The move from products sponsoring shows to commercials

Several years ago, the person credited with the move from products sponsoring whole shows (e.g. “Texxaco Star Theatre”) died, I’m blanking on his name. Incidentally, what started this trend?

There were two main reasons for the change:

  1. The official public answer: the sponsors censored the show’s content so that they would not allow certain references. The case cited was a show about the German concentration camps sponsored by a natural gas company that ordered no references be made to gassing the prisoners.

  2. The more likely answer: it made more money for the networks. If you had a sponsor, you were paid a set amount. If you switched to the “magazine format” (as it was called), you could charge more for an ad if the show was a hit. The down side was that ratings became much more important; a sponsor might be happy with middling ratings – they got their name out there to plenty of people. But a network wanted high ratings so they could charge more for ads.

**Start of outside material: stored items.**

text \<open>
  Every edge label is \<open>\<plusminus>1\<close>, so the weight of a chain with \<open>n\<close> elements is congruent
  to \<open>n - 1\<close> modulo 2: being graded (consistent) for some labelling forces being parity
  graded (consistent). Conversely, in a parity consistent poset let \<open>r x \<in> {0, 1}\<close> be the
  parity of the rank of \<open>x\<close>, read off any saturated chain from a minimal element to \<open>x\<close>.
  It vanishes on minimal elements and flips along every cover, so numbering the elements
  with \<open>r = 0\<close> before those with \<open>r = 1\<close> makes the label of each cover \<open>x \<prec> y\<close> equal to
  \<open>r y - r x\<close>. Weights then telescope: the labelling is consistent with rank function \<open>r\<close>.
  A parity graded poset is parity consistent (extend chains ending at \<open>x\<close> up to a maximal
  element), and its maximal chains then have weights in \<open>{0, 1}\<close> of one common parity,
  hence equal weights.
\<close>

lemma chain_weight_singleton [simp]: "chain_weight \<omega> [x] = 0"
  by (simp add: chain_weight_def)

lemma chain_weight_Cons_Cons [simp]:
  "chain_weight \<omega> (x # y # xs) = eps \<omega> x y + chain_weight \<omega> (y # xs)"
  unfolding chain_weight_def by (simp add: sum.lessThan_Suc_shift del: sum.lessThan_Suc)

lemma odd_chain_weight_add_length:
  "c \<noteq> [] \<Longrightarrow> odd (chain_weight \<omega> c + int (length c))"
  by (induction c rule: induct_list012) (auto simp: eps_def)
(* If $A,B\subseteq\mathbb{N}$ are isobaric under a simple partition (of some window length $L\in\mathbb{N}$), then $m(A)=m(B)$.
   Context: $\mathbb{N}=\{1,2,3,\dots\}$, $\mathbb{N}_0=\mathbb{N}\cup\{0\}$. $\mathbf{No}$ denotes Conway's ordered field of surreal numbers, $\omega=\{0,1,2,\dots\mid\ \}$ its first infinite element. An omnific integer is a surreal $x$ with $x=\{x-1\mid x+1\}$; $\mathbf{Nn}$ (surnatural numbers) is the class of nonnegative omnific integers, $\mathbb{N}_0\subset\mathbf{Nn}$, and $\omega/L\in\mathbf{Nn}$ for every $L\in\mathbb{N}$. For $L\in\mathbb{N}$, the simple partition of window length $L$ is $\mathbb{N}=\biguplus_k W_k$, $W_k=\{(k-1)L+1,\dots,kL\}$; $A,B$ are isobaric under it if $|A\cap W_k|=|B\cap W_k|$ for all $k$. For $A\subseteq\mathbb{N}$, $\kappa_A(n)=|A\cap\{1,\dots,n\}|$. For $f,g:\mathbb{N}\to\mathbb{N}_0$, $f\overset{\to}{=}g$ means $f(n)=g(n)$ for all $n\ge N$ for some $N$; $f\overset{\to}{<}g$ means $f(n)<g(n)$ for all $n\ge N$ for some $N$. Axiom of Extension (standing assumption): every nondecreasing $f:\mathbb{N}\to\mathbb{N}_0$ has an extension $\hat f:\mathbf{Nn}\to\mathbf{Nn}$ with $\hat f(n)=f(n)$ for $n\in\mathbb{N}$ (constant sequences extend to the same constants, the identity extends to the identity, $n\mapsto Ln$ extends to $\nu\mapsto L\nu$), such that for nondecreasing $f,g$: $f\overset{\to}{=}g\Rightarrow\hat f(\nu)=\hat g(\nu)$ for all $\nu\in\mathbf{Nn}\setminus\mathbb{N}$; $f\overset{\to}{<}g\Rightarrow\hat f(\nu)<\hat g(\nu)$ for all $\nu\in\mathbf{Nn}\setminus\mathbb{N}$; and $\widehat{f+g}=\hat f+\hat g$, $\widehat{f\cdot g}=\hat f\cdot\hat g$, $\widehat{f\circ g}=\hat f\circ\hat g$ where defined. The magnum of $A\subseteq\mathbb{N}$ is $m(A):=\hat{\kappa_A}(\omega)$. *)

theory Defs
  imports Main
begin

text \<open>Sequences are functions on the positive naturals (values at 0 are irrelevant).
The surnatural numbers are modelled abstractly: the ambient type 'z plays the role of the
omnific integers (a linearly ordered integral domain), and Nn is its nonnegative part.\<close>

definition nondecr :: "(nat \<Rightarrow> nat) \<Rightarrow> bool" where
  "nondecr f \<longleftrightarrow> (\<forall>m n. 1 \<le> m \<longrightarrow> m \<le> n \<longrightarrow> f m \<le> f n)"

definition ev_eq :: "(nat \<Rightarrow> nat) \<Rightarrow> (nat \<Rightarrow> nat) \<Rightarrow> bool" where
  "ev_eq f g \<longleftrightarrow> (\<exists>N\<ge>1. \<forall>n\<ge>N. f n = g n)"

definition ev_less :: "(nat \<Rightarrow> nat) \<Rightarrow> (nat \<Rightarrow> nat) \<Rightarrow> bool" where
  "ev_less f g \<longleftrightarrow> (\<exists>N\<ge>1. \<forall>n\<ge>N. f n < g n)"

definition Nn :: "'z::linordered_idom set" where
  "Nn = {x. 0 \<le> x}"

definition infinite_Nn :: "'z::linordered_idom set" where
  "infinite_Nn = {x \<in> Nn. x \<notin> range of_nat}"

definition axiom_of_extension :: "((nat \<Rightarrow> nat) \<Rightarrow> 'z::linordered_idom \<Rightarrow> 'z) \<Rightarrow> bool" where
  "axiom_of_extension ext \<longleftrightarrow>
     (\<forall>f. nondecr f \<longrightarrow>
        (\<forall>\<nu>\<in>Nn. ext f \<nu> \<in> Nn) \<and>
        (\<forall>n\<ge>1. ext f (of_nat n) = of_nat (f n))) \<and>
     (\<forall>c. \<forall>\<nu>\<in>Nn. ext (\<lambda>_. c) \<nu> = of_nat c) \<and>
     (\<forall>\<nu>\<in>Nn. ext (\<lambda>n. n) \<nu> = \<nu>) \<and>
     (\<forall>L\<ge>1. \<forall>\<nu>\<in>Nn. ext (\<lambda>n. L * n) \<nu> = of_nat L * \<nu>) \<and>
     (\<forall>f g. nondecr f \<longrightarrow> nondecr g \<longrightarrow> ev_eq f g \<longrightarrow>
        (\<forall>\<nu>\<in>infinite_Nn. ext f \<nu> = ext g \<nu>)) \<and>
     (\<forall>f g. nondecr f \<longrightarrow> nondecr g \<longrightarrow> ev_less f g \<longrightarrow>
        (\<forall>\<nu>\<in>infinite_Nn. ext f \<nu> < ext g \<nu>)) \<and>
     (\<forall>f g. nondecr f \<longrightarrow> nondecr g \<longrightarrow>
        (\<forall>\<nu>\<in>Nn. ext (\<lambda>n. f n + g n) \<nu> = ext f \<nu> + ext g \<nu>)) \<and>
     (\<forall>f g. nondecr f \<longrightarrow> nondecr g \<longrightarrow>
        (\<forall>\<nu>\<in>Nn. ext (\<lambda>n. f n * g n) \<nu> = ext f \<nu> * ext g \<nu>)) \<and>
     (\<forall>f g. nondecr f \<longrightarrow> nondecr g \<longrightarrow> (\<forall>n\<ge>1. g n \<ge> 1) \<longrightarrow>
        (\<forall>\<nu>\<in>Nn. ext (f \<circ> g) \<nu> = ext f (ext g \<nu>)))"

definition omega_like :: "'z::linordered_idom \<Rightarrow> bool" where
  "omega_like w \<longleftrightarrow> (\<forall>n::nat. of_nat n < w) \<and>
     (\<forall>L::nat. L \<ge> 1 \<longrightarrow> (\<exists>\<nu>\<in>Nn. of_nat L * \<nu> = w))"

definition kappa :: "nat set \<Rightarrow> nat \<Rightarrow> nat" where
  "kappa A n = card (A \<inter> {1..n})"

definition magnum :: "((nat \<Rightarrow> nat) \<Rightarrow> 'z::linordered_idom \<Rightarrow> 'z) \<Rightarrow> 'z \<Rightarrow> nat set \<Rightarrow> 'z" where
  "magnum ext w A = ext (kappa A) w"

definition window :: "nat \<Rightarrow> nat \<Rightarrow> nat set" where
  "window L k = {(k - 1) * L + 1 .. k * L}"

definition isobaric :: "nat \<Rightarrow> nat set \<Rightarrow> nat set \<Rightarrow> bool" where
  "isobaric L A B \<longleftrightarrow> (\<forall>k\<ge>1. card (A \<inter> window L k) = card (B \<inter> window L k))"

end

theory Submission
  imports Defs
begin

text \<open>Isobaric sets have equal counting functions at every multiple of the window length L.
Since \<omega> = L \<nu> for a surnatural \<nu>, the composition rule of the Axiom of Extension
rewrites m(A) as the extension of n \<mapsto> kappa A (L n) evaluated at \<nu>, and likewise for B;
these two sequences coincide.\<close>

lemma nondecr_kappa: "nondecr (kappa A)"
  unfolding nondecr_def kappa_def by (auto intro!: card_mono)

lemma kappa_mult_Suc:
  "kappa A (L * Suc n) = kappa A (L * n) + card (A \<inter> window L (Suc n))"
proof -
  have "A \<inter> {1..L * Suc n} = (A \<inter> {1..L * n}) \<union> (A \<inter> window L (Suc n))"
    by (auto simp: window_def algebra_simps)
  moreover have "(A \<inter> {1..L * n}) \<inter> (A \<inter> window L (Suc n)) = {}"
    by (auto simp: window_def algebra_simps)
  ultimately show ?thesis
    unfolding kappa_def by (simp add: card_Un_disjoint window_def)
qed

lemma isobaric_kappa_mult_eq:
  assumes "isobaric L A B"
  shows "kappa A (L * n) = kappa B (L * n)"
proof (induction n)
  case 0
  show ?case by (simp add: kappa_def)
next
  case (Suc n)
  then show ?case
    using assms unfolding isobaric_def by (simp only: kappa_mult_Suc)
qed

lemma ext_comp_scale:
  assumes "axiom_of_extension ext" and "nondecr f" and "L \<ge> 1" and "\<nu> \<in> Nn"
  shows "ext (\<lambda>n. f (L * n)) \<nu> = ext f (of_nat L * \<nu>)"
proof -
  have scale: "ext (\<lambda>n. L * n) \<nu> = of_nat L * \<nu>"
    using assms(1,3,4) unfolding axiom_of_extension_def by blast
  have "nondecr (\<lambda>n. L * n)"
    unfolding nondecr_def by simp
  moreover have "\<forall>n\<ge>1. L * n \<ge> 1"
    using assms(3) by simp
  ultimately have "ext (f \<circ> (\<lambda>n. L * n)) \<nu> = ext f (ext (\<lambda>n. L * n) \<nu>)"
    using assms(1,2,4) unfolding axiom_of_extension_def by blast
  then show ?thesis
    by (simp add: comp_def scale)
qed

theorem theorem6p8:
  fixes ext :: "(nat \<Rightarrow> nat) \<Rightarrow> 'z::linordered_idom \<Rightarrow> 'z"
    and \<omega> :: 'z and L :: nat and A B :: "nat set"
  assumes "axiom_of_extension ext"
    and "omega_like \<omega>"
    and "L \<ge> 1"
    and "A \<subseteq> {1..}" and "B \<subseteq> {1..}"
    and "isobaric L A B"
  shows "magnum ext \<omega> A = magnum ext \<omega> B"
proof -
  obtain \<nu> where \<nu>: "\<nu> \<in> Nn" and \<omega>: "\<omega> = of_nat L * \<nu>"
    using assms(2,3) unfolding omega_like_def by metis
  have "magnum ext \<omega> A = ext (\<lambda>n. kappa A (L * n)) \<nu>"
    unfolding magnum_def \<omega> using ext_comp_scale[OF assms(1) nondecr_kappa assms(3) \<nu>] by simp
  also have "\<dots> = ext (\<lambda>n. kappa B (L * n)) \<nu>"
    using isobaric_kappa_mult_eq[OF assms(6)] by simp
  also have "\<dots> = magnum ext \<omega> B"
    unfolding magnum_def \<omega> using ext_comp_scale[OF assms(1) nondecr_kappa assms(3) \<nu>] by simp
  finally show ?thesis .
qed

end
(* Let $X$ be a metric space, $f\in\Delta_1(X)$, and $\{x,y\}\in A(f)$. Then for every $z\in C(x,y)$ we have $\{x,z\}\in A(f)$ and $f(z)=f(y)+d(y,z)$.
   Context: $\Delta_1(X)$ is the set of 1-Lipschitz functions $f\colon X\to\mathbb R$ with $f(x)+f(y)\ge d(x,y)$ for all $x,y$. $A(f)$ is the set of unordered pairs $\{x,y\}$ with $f(x)+f(y)=d(x,y)$. $I(x,y)=\{v: d(x,v)+d(v,y)=d(x,y)\}$ and the cone $C(x,v)=\{y\in X: v\in I(x,y)\}$. *)

theory Defs
  imports "HOL-Analysis.Analysis"
begin

definition Delta1 :: "('a::metric_space \<Rightarrow> real) set" where
  "Delta1 = {f. (\<forall>x y. \<bar>f x - f y\<bar> \<le> dist x y) \<and> (\<forall>x y. f x + f y \<ge> dist x y)}"

definition Apairs :: "('a::metric_space \<Rightarrow> real) \<Rightarrow> 'a set set" where
  "Apairs f = {{x, y} | x y. f x + f y = dist x y}"

definition interval_m :: "'a::metric_space \<Rightarrow> 'a \<Rightarrow> 'a set" where
  "interval_m x y = {v. dist x v + dist v y = dist x y}"

definition cone_m :: "'a::metric_space \<Rightarrow> 'a \<Rightarrow> 'a set" where
  "cone_m x v = {y. v \<in> interval_m x y}"

end

theory Submission
  imports Defs
begin

text \<open>Along the geodesic extension x, y, z the 1-Lipschitz bound gives f z \<le> f y + d(y,z),
  while f x + f z \<ge> d(x,z) = d(x,y) + d(y,z) = f x + f y + d(y,z); hence both are equalities.\<close>

lemma Apairs_iff: "{x, y} \<in> Apairs f \<longleftrightarrow> f x + f y = dist x y"
  unfolding Apairs_def
  by (auto simp: doubleton_eq_iff dist_commute add.commute)

lemma cone_m_iff: "z \<in> cone_m x y \<longleftrightarrow> dist x y + dist y z = dist x z"
  unfolding cone_m_def interval_m_def by simp

lemma Delta1_lipschitz: "f \<in> Delta1 \<Longrightarrow> \<bar>f a - f b\<bar> \<le> dist a b"
  unfolding Delta1_def by blast

lemma Delta1_sum_ge_dist: "f \<in> Delta1 \<Longrightarrow> dist a b \<le> f a + f b"
  unfolding Delta1_def by blast

theorem lemma5p1:
  fixes f :: "'a::metric_space \<Rightarrow> real" and x y z :: 'a
  assumes "f \<in> Delta1"
    and "{x, y} \<in> Apairs f"
    and "z \<in> cone_m x y"
  shows "{x, z} \<in> Apairs f \<and> f z = f y + dist y z"
proof -
  have xy: "f x + f y = dist x y" using assms(2) by (simp add: Apairs_iff)
  have xyz: "dist x y + dist y z = dist x z" using assms(3) by (simp add: cone_m_iff)
  have upper: "f z \<le> f y + dist y z"
    using Delta1_lipschitz[OF assms(1), of z y] by (simp add: dist_commute)
  have lower: "dist x z \<le> f x + f z" using Delta1_sum_ge_dist[OF assms(1)] .
  have "f z = f y + dist y z" and "f x + f z = dist x z"
    using xy xyz upper lower by linarith+
  then show ?thesis by (simp add: Apairs_iff)
qed

end
theorem theorem2:
  fixes m :: nat and a b c \<nu> \<alpha> lam xl xr T :: real and u0 :: "real \<Rightarrow> real"
  assumes "m \<ge> 1" and "\<alpha> > 0" and "lam > 0" and "xl < xr" and "T > 0"
    and "C7_0 xl xr u0"
  shows
   "(\<forall>(M::nat) (N::nat) (U :: nat \<Rightarrow> int \<Rightarrow> real).
       let h = (xr - xl) / real M; \<tau> = T / real N in
       M \<ge> 4 \<longrightarrow> N \<ge> 2 \<longrightarrow> (\<forall>n\<le>N. Z0 M (U n)) \<longrightarrow>
       (\<forall>n. 1 \<le> n \<and> n \<le> N - 1 \<longrightarrow> (\<forall>i. 2 \<le> i \<and> i \<le> int M - 2 \<longrightarrow>
            scheme_S m a b c \<nu> \<alpha> lam h \<tau> U n i)) \<longrightarrow>
       (\<forall>n\<le>N - 1. energy \<alpha> lam h M U n = energy \<alpha> lam h M U 0))
    \<and>
    (\<exists>C>0. \<forall>(M::nat) (N::nat) (U :: nat \<Rightarrow> int \<Rightarrow> real).
       let h = (xr - xl) / real M; \<tau> = T / real N in
       M \<ge> 4 \<longrightarrow> N \<ge> 2 \<longrightarrow> (\<forall>n\<le>N. Z0 M (U n)) \<longrightarrow>
       (\<forall>n. 1 \<le> n \<and> n \<le> N - 1 \<longrightarrow> (\<forall>i. 2 \<le> i \<and> i \<le> int M - 2 \<longrightarrow>
            scheme_S m a b c \<nu> \<alpha> lam h \<tau> U n i)) \<longrightarrow>
       (\<forall>i. 0 \<le> i \<and> i \<le> int M \<longrightarrow> U 0 i = u0 (xl + real_of_int i * h)) \<longrightarrow>
       (\<forall>i. 2 \<le> i \<and> i \<le> int M - 2 \<longrightarrow> scheme_CN m a b c \<nu> \<alpha> lam h \<tau> (U 0) (U 1) i) \<longrightarrow>
       (gnorm2 h M (U 1) + \<alpha> * gnorm2 h M (dx h (U 1)) + lam * gnorm2 h M (dx h (dxb h (U 1)))
          = gnorm2 h M (U 0) + \<alpha> * gnorm2 h M (dx h (U 0)) + lam * gnorm2 h M (dx h (dxb h (U 0))))
       \<and> (\<forall>n\<le>N. gsup M (U n) \<le> C \<and> gsup M (dx h (U n)) \<le> C))"
proof -
  obtain B where B: "0 \<le> B"
    and initial: "\<And>M U. 1 \<le> M \<Longrightarrow> \<forall>i. 0 \<le> i \<and> i \<le> int M \<longrightarrow> U i = u0 (xl + real_of_int i * ((xr - xl) / real M))
      \<Longrightarrow> grid_energy \<alpha> lam ((xr - xl) / real M) M U \<le> B"
    using C7_0_samples_grid_energy_bounded[OF assms(6,4) less_imp_le[OF assms(2)] less_imp_le[OF assms(3)]]
    by blast
  define C where "C = 1 + sqrt (2 * B / \<alpha> + 2 * B) + sqrt (2 * B / lam + 2 * B / \<alpha>)"
  have C: "0 < C" "sqrt (2 * B / \<alpha> + 2 * B) \<le> C" "sqrt (2 * B / lam + 2 * B / \<alpha>) \<le> C"
    using B assms(2,3) by (simp_all add: C_def add_pos_nonneg)
  show ?thesis
    unfolding Let_def
    apply (intro conjI allI impI exI[of _ C])
    subgoal for M N U n
      by (rule energy_conserved) (use assms(5) in simp_all)
    subgoal
      by (rule C)
    subgoal for M N U
      unfolding grid_energy_def[symmetric]
      by (rule grid_energy_step_CN[where m=m and a=a and b=b and c=c and \<nu>=\<nu> and \<tau>="T / real N"])
        (use assms(5) in simp_all)
    subgoal for M N U n
      using initial[of M "U 0"] assms(2-5)
      by (intro order_trans[OF scheme_solution_sup_bounds(1)[where m=m and a=a and b=b and c=c
            and \<nu>=\<nu> and \<tau>="T / real N"] C(2)]) simp_all
    subgoal for M N U n
      using initial[of M "U 0"] assms(2-5)
      by (intro order_trans[OF scheme_solution_sup_bounds(2)[where m=m and a=a and b=b and c=c
            and \<nu>=\<nu> and \<tau>="T / real N"] C(3)]) simp_all
    done
qed
(* Let $\mathcal{C}$ be a class of $\Sigma$-algebras, let $X \subseteq \dot\Sigma$ be a finite set, and let $<$ be a well-founded binary relation on $X^*$ such that (i) $<$ is compatible with concatenation ($w < w'$ implies $u w v < u w' v$ for all $u,v\in X^*$), and (ii) $<$ has no infinite antichains. Then the following are equivalent: (1) there is a finite set $\{(u_i, w_i) \mid i \in I\}$ of pairs of words in $X^*$ with $u_i < w_i$ and $u_i\ \dot\sim_{\mathcal{C}}\ w_i$ for all $i$, such that the language $X^*\big(\bigcup_{i\in I} w_i\big)X^*$ over the alphabet $X$ is cofinite (its complement in $X^*$ is finite); (2) $X^*/{\dot\sim_{\mathcal{C}}}$ is finite.
   Context: $\Sigma$ is a finite algebraic signature and $V$ a non-empty finite set of variables; $\Sigma$-terms over $V$, and $\Sigma$-algebras have non-empty finite universes; $t \sim_{\mathcal{C}} s$ iff $t,s$ evaluate equally under all valuations in all algebras in $\mathcal{C}$. $\mathrm{vo}(t)$ is the number of variable occurrences in $t$. $\dot\Sigma$ is the set of characters $f(t_1,\dots,t_{i-1},\_,t_{i+1},\dots,t_n)$ where $f\in\Sigma$ is $n$-ary, $i\in\{1,\dots,n\}$, and each $t_j$ ($j\ne i$) has $\mathrm{vo}(t_j)=0$. For a word $w\in\dot\Sigma^*$, $w[t]$ is defined by $\varepsilon[t]=t$ and $(f(t_1,\dots,\_,\dots,t_n)\,w')[t] = f(t_1,\dots,t_{i-1},w'[t],t_{i+1},\dots,t_n)$. $w\ \dot\sim_{\mathcal{C}}\ w'$ iff $w[a]\sim_{\mathcal{C}} w'[a]$ for any variable $a\in V$. *)

theory Defs
  imports Main
begin

datatype ('f, 'v) trm = Var 'v | Fun 'f "('f, 'v) trm list"

fun wf_trm :: "'f set \<Rightarrow> ('f \<Rightarrow> nat) \<Rightarrow> 'v set \<Rightarrow> ('f, 'v) trm \<Rightarrow> bool" where
  "wf_trm Sig ar V (Var x) = (x \<in> V)"
| "wf_trm Sig ar V (Fun f ts) = (f \<in> Sig \<and> length ts = ar f \<and> (\<forall>t\<in>set ts. wf_trm Sig ar V t))"

fun vo :: "('f, 'v) trm \<Rightarrow> nat" where
  "vo (Var x) = 1"
| "vo (Fun f ts) = sum_list (map vo ts)"

type_synonym ('f, 'a) alg = "'a set \<times> ('f \<Rightarrow> 'a list \<Rightarrow> 'a)"

definition is_algebra :: "'f set \<Rightarrow> ('f \<Rightarrow> nat) \<Rightarrow> ('f, 'a) alg \<Rightarrow> bool" where
  "is_algebra Sig ar A \<longleftrightarrow> finite (fst A) \<and> fst A \<noteq> {} \<and>
     (\<forall>f\<in>Sig. \<forall>xs. length xs = ar f \<longrightarrow> set xs \<subseteq> fst A \<longrightarrow> snd A f xs \<in> fst A)"

fun eval :: "('f \<Rightarrow> 'a list \<Rightarrow> 'a) \<Rightarrow> ('v \<Rightarrow> 'a) \<Rightarrow> ('f, 'v) trm \<Rightarrow> 'a" where
  "eval I \<alpha> (Var x) = \<alpha> x"
| "eval I \<alpha> (Fun f ts) = I f (map (eval I \<alpha>) ts)"

definition term_equiv :: "'v set \<Rightarrow> ('f, 'a) alg set \<Rightarrow> ('f, 'v) trm \<Rightarrow> ('f, 'v) trm \<Rightarrow> bool" where
  "term_equiv V C t s \<longleftrightarrow>
     (\<forall>A\<in>C. \<forall>\<alpha>. (\<forall>x\<in>V. \<alpha> x \<in> fst A) \<longrightarrow> eval (snd A) \<alpha> t = eval (snd A) \<alpha> s)"

text \<open>Ctx f l r stands for f(l_1,...,l_{i-1}, _, r_1, ...), the hole at position i = length l + 1.\<close>
datatype ('f, 'v) chr = Ctx 'f "('f, 'v) trm list" "('f, 'v) trm list"

definition chars :: "'f set \<Rightarrow> ('f \<Rightarrow> nat) \<Rightarrow> 'v set \<Rightarrow> ('f, 'v) chr set" where
  "chars Sig ar V = {Ctx f l r | f l r. f \<in> Sig \<and> ar f = length l + 1 + length r \<and>
      (\<forall>t\<in>set l \<union> set r. wf_trm Sig ar V t \<and> vo t = 0)}"

fun plug :: "('f, 'v) chr list \<Rightarrow> ('f, 'v) trm \<Rightarrow> ('f, 'v) trm" where
  "plug [] t = t"
| "plug (Ctx f l r # w) t = Fun f (l @ [plug w t] @ r)"

definition word_equiv :: "'v set \<Rightarrow> ('f, 'a) alg set \<Rightarrow> ('f, 'v) chr list \<Rightarrow> ('f, 'v) chr list \<Rightarrow> bool" where
  "word_equiv V C w w' \<longleftrightarrow> (\<forall>a\<in>V. term_equiv V C (plug w (Var a)) (plug w' (Var a)))"

end

theory Submission
  imports Defs
begin

text \<open>
  (1) \<Longrightarrow> (2): a word containing some w_i as a factor can be rewritten to the \<sim>-equivalent,
  strictly \<open><\<close>-smaller word with u_i in its place. By well-foundedness every word is therefore
  equivalent to a word avoiding all w_i, and these form a finite set.

  (2) \<Longrightarrow> (1): the words that are \<open><\<close>-minimal in their class form an antichain inside each of the
  finitely many classes, so there are finitely many of them, all of length at most some K.
  Pair every other word of length at most K + 1 with a smaller equivalent word. Any word that is
  not minimal either is itself one of these right-hand sides or has one as a prefix of
  length K + 1, so only the finitely many minimal words avoid them.
\<close>

definition words_with_factor :: "'a set \<Rightarrow> 'a list set \<Rightarrow> 'a list set" where
  "words_with_factor X W = {x @ w @ y | x w y. x \<in> lists X \<and> y \<in> lists X \<and> w \<in> W}"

I also think one issue was that the networks didn’t have money for programming. Having a sponsor paid for the show allowed them to do better, and in the early days, independent TV producers did not have top-quality talent. In the mid-50s, though, the movie studios started producing TV series (I think Warner Brothers were the first), so the networks didn’t need the sponsors to pay for production.

The words “luck” and “lucky” were never mentioned in dialouge on I Love Lucy because the show’s sponser, Philip Morris, didn’t want anything that could make people thing of Lucky Strikes.